I realized that I still didn’t know her name, but I was dying of curiosity about something else. “When did you take your underwear off?”
“In the middle of the night, I think. I had to go to the bathroom, and I usually never have clothes on when I sleep, so I probably took them off as I came back to bed.”
The thought of her walking out the door, and doing something like she had done last night again made me want to lock her up. She was going to get herself killed! I had a strong urge to protect her.
I faced her, and looked her directly in the eyes. “Hi, I’m Devin.”
“Hi Devin, I’m Aurora.” She grinned at me in a way that made me want to learn how to smile.
“If you need a place to stay, I would be happy to let you stay here.” Oh crap! I had just asked her to live with me! We have only just met… this is too soon! I am not entirely sure I am safe for her to be around!
“I would like that,” she replied, and then leaned over and kissed me. “How about that breakfast now?”
I think I’m smiling! I was grateful that she was looking for her clothes, because I needed to look in a mirror. I am smiling! I don’t think I have ever smiled before!
I turned to face her, and realized that there was now one person I didn’t hate. It felt strange. I dressed, and retrieved her suitcase from her jeep. She put on a clean outfit, and we left to find someplace to eat.
I made plans to find a bigger apartment, and prayed that she’d stay with me for a long time. The whole world seemed brighter, and I wanted to see if she could teach me how to be happy. Her giggles now sounded like music to my ears.
She was humming as I drove, and suddenly burst into song. “He gives me fever, with his kisses, fever when he holds me tight! Fever! ‘Til you sizzle, what a lovely way to burn…”
I gave her a funny look. Was she trying to tell me something? She saw my look, and laughed.
“What? It’s a song by Madonna!”
“If you say so.” I wasn’t going to argue. She had a great voice, and I loved listening to her. She sang more, and I was more certain than ever that I would do anything to protect her. I just hoped that I never had to protect her from myself.
A year later, I was pacing back and forth outside a door. I felt like I was going to be sick, and I was so nervous that I wanted to shoot something to take my mind off things. If anything happened –
The door opened, and Aurora stepped out.
“Why are you walking?” I demanded.
“I’m fine, here.” She thrust a bundle in my arms, and I was terrified that I was going to drop it. I stared at the tiny new face, and… I think I started to cry.

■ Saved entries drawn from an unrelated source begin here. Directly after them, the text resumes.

lemma generate_conj_closed:
  assumes A: "A \<subseteq> carrier G" and c: "c \<in> carrier G"
    and gens: "\<And>a. a \<in> A \<Longrightarrow> c \<otimes> a \<otimes> inv c \<in> generate G A"
    and q: "q \<in> generate G A"
  shows "c \<otimes> q \<otimes> inv c \<in> generate G A"
  using q
proof (induction rule: generate.induct)
  case one
  then show ?case using c by (simp add: generate.one)
next
  case (incl a)
  then show ?case by (rule gens)
next
  case (inv a)
  then show ?case
    using A c gens by (simp add: conj_inv subset_iff generate_m_inv_closed)
next
  case (eng a b)
  then show ?case
    using A c by (simp add: conj_mult generate_in_carrier subset_iff generate.eng)
qed

lemma derived_conj_mult:
  assumes carrier: "g \<in> carrier G" "u \<in> carrier G" "v \<in> carrier G"
    and uv: "u \<otimes> v \<in> derived G (carrier G)"
  shows "g \<otimes> u \<otimes> inv g \<otimes> v \<in> derived G (carrier G)"
proof -
  have "g \<otimes> u \<otimes> inv g \<otimes> v = (g \<otimes> u \<otimes> inv g \<otimes> inv u) \<otimes> (u \<otimes> v)"
    using carrier by (simp add: m_assoc)
  moreover have "g \<otimes> u \<otimes> inv g \<otimes> inv u \<in> derived G (carrier G)"
    unfolding derived_def using carrier by (blast intro: generate.incl)
  ultimately show ?thesis
    using uv by (simp add: subgroup.m_closed derived_is_subgroup)
qed

end
(* Let $\mathcal{H}_A,\mathcal{H}_B,\mathcal{H}_C$ be finite-dimensional complex Hilbert spaces and let $|\psi\rangle\in\mathcal{H}_A\otimes\mathcal{H}_B\otimes\mathcal{H}_C$ be a unit vector, with $\rho=|\psi\rangle\langle\psi|$. Let $d_A$ be the rank of the reduced state $\rho_A=\mathrm{Tr}_{BC}\,\rho$, and assume $d_A\ge 2$. Then $$\sqrt{\tfrac{2}{d_A(d_A-1)}}\; N_{A:CB}\;\le\; N_{AC:B}+N_{AB:C},$$ where $N_{A:CB}$, $N_{AC:B}$, $N_{AB:C}$ denote the negativities of $\rho$ with respect to the bipartitions $A|BC$, $AC|B$ and $AB|C$ respectively.
   Context: For a bipartite state $\rho_{XY}$ on $\mathcal{H}_X\otimes\mathcal{H}_Y$, the negativity is $N_{X:Y}=\frac{\|\rho_{XY}^{T_X}\|_1-1}{2}$, where $\rho_{XY}^{T_X}$ is the partial transpose with respect to subsystem $X$ (in any fixed basis) and $\|\sigma\|_1=\mathrm{Tr}\sqrt{\sigma^\dagger\sigma}$ is the trace norm. For a tripartite state, $N_{AC:B}$ means the negativity for the bipartition with $X=AC$ and $Y=B$, and similarly for the others. *)

theory Defs
  imports "Jordan_Normal_Form.Matrix" "Jordan_Normal_Form.DL_Rank"
begin

definition dagger :: "complex mat \<Rightarrow> complex mat" where
  "dagger A = mat (dim_col A) (dim_row A) (\<lambda>(i,j). cnj (A $$ (j,i)))"

definition psd :: "nat \<Rightarrow> complex mat \<Rightarrow> bool" where
  "psd n S \<longleftrightarrow> S \<in> carrier_mat n n \<and>
     (\<forall>v \<in> carrier_vec n. Im (conjugate v \<bullet> (S *\<^sub>v v)) = 0 \<and> Re (conjugate v \<bullet> (S *\<^sub>v v)) \<ge> 0)"

definition mat_sqrt :: "nat \<Rightarrow> complex mat \<Rightarrow> complex mat" where
  "mat_sqrt n P = (THE S. psd n S \<and> S * S = P)"

definition trace_norm :: "complex mat \<Rightarrow> real" where
  "trace_norm A = (let S = mat_sqrt (dim_col A) (dagger A * A) in Re (\<Sum>i < dim_row S. S $$ (i,i)))"

text \<open>Tripartite system H_A (x) H_B (x) H_C with dims nA, nB, nC; the basis vector
  |i>|j>|k> has index i*nB*nC + j*nC + k.\<close>
definition idx3 :: "nat \<Rightarrow> nat \<Rightarrow> nat \<Rightarrow> nat \<Rightarrow> nat \<Rightarrow> nat" where
  "idx3 nB nC i j k = i * (nB * nC) + j * nC + k"

definition dec3 :: "nat \<Rightarrow> nat \<Rightarrow> nat \<Rightarrow> nat \<times> nat \<times> nat" where
  "dec3 nB nC x = (x div (nB * nC), (x div nC) mod nB, x mod nC)"
(*
  Because X is finite, the images phi(t, t0, X, w) shrink as t0 decreases and hence are
  eventually constant, equal to the pullback set A(t, w). So A(t, w) is a singleton iff
  some phi(t, t0, X, w) is, i.e. iff w lies in the union of the events Gamma(t, t0),
  which increase as t0 decreases; continuity of the measure gives (2) <-> (3) <-> (4).
  Under independence, iterating a choice t |-> t0 from (1) produces n disjoint intervals on
  each of which synchronisation fails, independently, with probability below 1 - p, so the
  system fails to synchronise on their union with probability at most (1 - p)^n. If the
  steps t - t0 are bounded, n grows linearly in t - t0, which gives the exponential rate;
  and then almost every forward orbit synchronises after finite time, after which it
  coincides with the singleton A(t, w).
*)

lemma eventually_eq_INT_at_bot:
  fixes R :: "real \<Rightarrow> 'a set"
  assumes fin: "\<And>s. finite (R s)"
    and mono: "\<And>s s'. s \<le> s' \<Longrightarrow> s' \<le> t \<Longrightarrow> R s \<subseteq> R s'"
  shows "eventually (\<lambda>s. R s = (\<Inter>s'\<in>{..t}. R s')) at_bot"
proof -
  have "\<exists>s0. s0 \<le> t \<and> (\<forall>s. s \<le> t \<longrightarrow> card (R s0) \<le> card (R s))"
    by (rule ex_has_least_nat[of _ t]) simp
  then obtain s0 where s0: "s0 \<le> t" and min: "\<And>s. s \<le> t \<Longrightarrow> card (R s0) \<le> card (R s)"
    by blast
  have const: "R s = R s0" if "s \<le> s0" for s
    using that s0 min[of s] mono[of s s0] fin by (intro card_seteq) auto
  have Inter: "R s0 = (\<Inter>s'\<in>{..t}. R s')"
  proof (intro equalityI INT_greatest)
    fix s' assume "s' \<in> {..t}"
    show "R s0 \<subseteq> R s'"
    proof (cases "s' \<le> s0")
      case True
      then show ?thesis using const[OF True] by blast
    next
      case False
      then show ?thesis using \<open>s' \<in> {..t}\<close> by (intro mono) auto
    qed
  next
    show "(\<Inter>s'\<in>{..t}. R s') \<subseteq> R s0"
      using s0 by (intro INT_lower) simp
  qed
  show ?thesis
    unfolding eventually_at_bot_linorder using const Inter by (intro exI[of _ s0]) metis
qed

lemma tendsto_at_bot_if_antimono_sequence:
  fixes g :: "real \<Rightarrow> real"
  assumes anti: "\<And>x y. x \<le> y \<Longrightarrow> y \<le> c \<Longrightarrow> g y \<le> g x"
    and lim: "(\<lambda>n. g (c - real n)) \<longlonglongrightarrow> L"
  shows "(g \<longlongrightarrow> L) at_bot"
proof -
  have "incseq (\<lambda>n. g (c - real n))"
    unfolding incseq_def by (intro allI impI anti) auto
  then have seq_le: "g (c - real n) \<le> L" for n
    using lim by (rule incseq_le)
  have bound: "g x \<le> L" if "x \<le> c" for x
  proof -
    obtain n :: nat where "c - x \<le> real n"
      using real_arch_simple by blast
    then have "g x \<le> g (c - real n)"
      using that by (intro anti) auto
    then show ?thesis
      using seq_le[of n] by linarith
  qed
  show ?thesis
  proof (rule order_tendstoI)
    fix a assume "a < L"
    from order_tendstoD(1)[OF lim this] obtain N where "\<And>n. N \<le> n \<Longrightarrow> a < g (c - real n)"
      unfolding eventually_sequentially by blast
    then have "a < g x" if "x \<le> c - real N" for x
      using anti[of x "c - real N"] that by fastforce
    then show "eventually (\<lambda>x. a < g x) at_bot"
      unfolding eventually_at_bot_linorder by blast
  next
    fix b assume "L < b"
    then have "g x < b" if "x \<le> c" for x
      using bound[OF that] by simp
    then show "eventually (\<lambda>x. g x < b) at_bot"
      unfolding eventually_at_bot_linorder by blast
  qed
qed

lemma funpow_le_if_decreasing:
  fixes f :: "real \<Rightarrow> real"
  assumes "\<And>s. f s < s"
  shows "(f ^^ n) t \<le> t"
proof (induction n)
  case (Suc n)
  have "f ((f ^^ n) t) < (f ^^ n) t"
    by (rule assms)
  with Suc.IH show ?case
    by simp
qed simp

lemma funpow_ge_if_bounded_step:
  fixes f :: "real \<Rightarrow> real"
  assumes "\<And>s. s - f s \<le> T"
  shows "t - real n * T \<le> (f ^^ n) t"
proof (induction n)
  case (Suc n)
  then show ?case
    using assms[of "(f ^^ n) t"] by (simp add: algebra_simps)
qed simp

lemma power_nat_floor_le_exp:
  fixes q T x :: real
  assumes q: "0 < q" "q < 1" and "0 < T" "0 \<le> x"
  shows "q ^ nat \<lfloor>x / T\<rfloor> \<le> exp (- (- ln q / T) * x) / q"
proof -
  define n where "n = nat \<lfloor>x / T\<rfloor>"
  have "x / T - 1 \<le> real n"
    using assms by (simp add: n_def)
  moreover have "ln q < 0"
    using q by simp
  ultimately have exponent: "real n * ln q \<le> (x / T - 1) * ln q"
    by (intro mult_right_mono_neg) auto
  have "q ^ n = exp (real n * ln q)"
    using q by (simp add: exp_of_nat_mult)
  also have "\<dots> \<le> exp ((x / T - 1) * ln q)"
    using exponent by simp
  also have "\<dots> = exp (- (- ln q / T) * x) / q"
    using q \<open>0 < T\<close> by (simp add: exp_diff left_diff_distrib)
  finally show ?thesis
    by (simp add: n_def)
qed

lemma (in prob_space) prob_eq_1_if_geometric_bound:
  fixes q :: real
  assumes bound: "\<And>n. 1 - C * q ^ n \<le> prob A" and q: "0 \<le> q" "q < 1"
  shows "prob A = 1"
proof -
  have "(\<lambda>n. 1 - C * q ^ n) \<longlonglongrightarrow> 1 - C * 0"
    using q by (intro tendsto_intros) simp
  then have "(\<lambda>n. 1 - C * q ^ n) \<longlonglongrightarrow> 1"
    by simp
  then have "1 \<le> prob A"
    by (rule LIMSEQ_le_const2) (use bound in auto)
  with prob_le_1 show ?thesis
    by (rule antisym)
qed

locale nrds = prob_space +
  fixes phi :: "real \<Rightarrow> real \<Rightarrow> 's::finite \<Rightarrow> 'a \<Rightarrow> 's"
  assumes NRDS: "NRDS M phi"
begin

lemma phi_cocycle: "t0 \<le> s \<Longrightarrow> s \<le> t \<Longrightarrow> phi t t0 x w = phi t s (phi s t0 x w) w"
  using NRDS by (simp add: NRDS_def)

lemma measurable_phi [measurable]:
  assumes "t0 \<le> t"
  shows "(\<lambda>w. phi t t0 x w) \<in> measurable M (count_space UNIV)"
proof -
  let ?N = "restrict_space (borel :: (real \<times> real) measure) {(t, s). s \<le> t}
    \<Otimes>\<^sub>M (count_space UNIV \<Otimes>\<^sub>M M)"
  have joint: "(\<lambda>((t, s), x, w). phi t s x w) \<in> measurable ?N (count_space UNIV)"
    using NRDS by (simp add: NRDS_def)
  have at_times: "(\<lambda>w. ((t, t0), x, w)) \<in> measurable M ?N"
    using assms by (intro measurable_Pair measurable_const measurable_ident_sets)
      (auto simp: space_restrict_space)
  from measurable_comp[OF at_times joint] show ?thesis
    by (simp add: o_def)
qed

lemma sets_Gamma:
  assumes "t0 \<le> t"
  shows "Gamma M phi t t0 \<in> events"
  unfolding Gamma_def using assms by measurable

lemma Gamma_mono:
  assumes "t0 \<le> s1" "s1 \<le> s2" "s2 \<le> t"
  shows "Gamma M phi s2 s1 \<subseteq> Gamma M phi t t0"
proof
  fix w assume "w \<in> Gamma M phi s2 s1"
  then have w: "w \<in> space M" and const: "\<And>x1 x2. phi s2 s1 x1 w = phi s2 s1 x2 w"
    by (auto simp: Gamma_def)
  have split: "phi t t0 x w = phi t s2 (phi s2 s1 (phi s1 t0 x w) w) w" for x
    using assms phi_cocycle by (metis order.trans)
  have "phi t t0 x1 w = phi t t0 x2 w" for x1 x2
    using split const by metis
  with w show "w \<in> Gamma M phi t t0"
    by (simp add: Gamma_def)
qed

lemma range_phi_antimono:
  "t0' \<le> t0 \<Longrightarrow> t0 \<le> t \<Longrightarrow> range (\<lambda>x. phi t t0' x w) \<subseteq> range (\<lambda>x. phi t t0 x w)"
  using phi_cocycle by blast

lemma mem_Gamma_iff:
  "w \<in> space M \<Longrightarrow> w \<in> Gamma M phi t t0 \<longleftrightarrow> is_singleton (range (\<lambda>x. phi t t0 x w))"
  unfolding Gamma_def is_singleton_def by auto (metis rangeI singletonD)

lemma eventually_range_phi_eq_pullback_set:
  "eventually (\<lambda>s. range (\<lambda>x. phi t s x w) = pullback_set phi t w) at_bot"
  unfolding pullback_set_def
  by (rule eventually_eq_INT_at_bot) (auto dest: range_phi_antimono)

During the past year, there had been times when I wanted to kill Aurora, but mostly I had a strong urge to keep her safe from all harm, including myself. I still didn’t understand my feelings for her, but they were fierce. I would gladly kill any man that flirted with her!
“She’s a girl,” Aurora informed me softly.
I was definitely crying! I was mesmerized by this tiny creature in my arms. I knew that I would never let anything happen to her. She would never know abuse for I’d protect her. I would kill to protect her, and I would die to protect her. I will probably be the kind of dad that shows any guy interested in her my large and impressive collection of weapons, and my large and impressive backyard.
“She’s beautiful!” I cried. “What’s her name?”
“Farah, it means joy,” Aurora replied softly.
“That’s perfect.” And I meant it. I held in my arms the one thing that made the world good and wonderful, and perfect. I vowed to be a good dad, and to nurture and cherish her. I would teach her to protect herself, so that she would never be as vulnerable as her mother. But I sincerely hoped that she was always as happy as Aurora. Through their eyes, I saw the world in a better light, and I never wanted to go back to who I was before.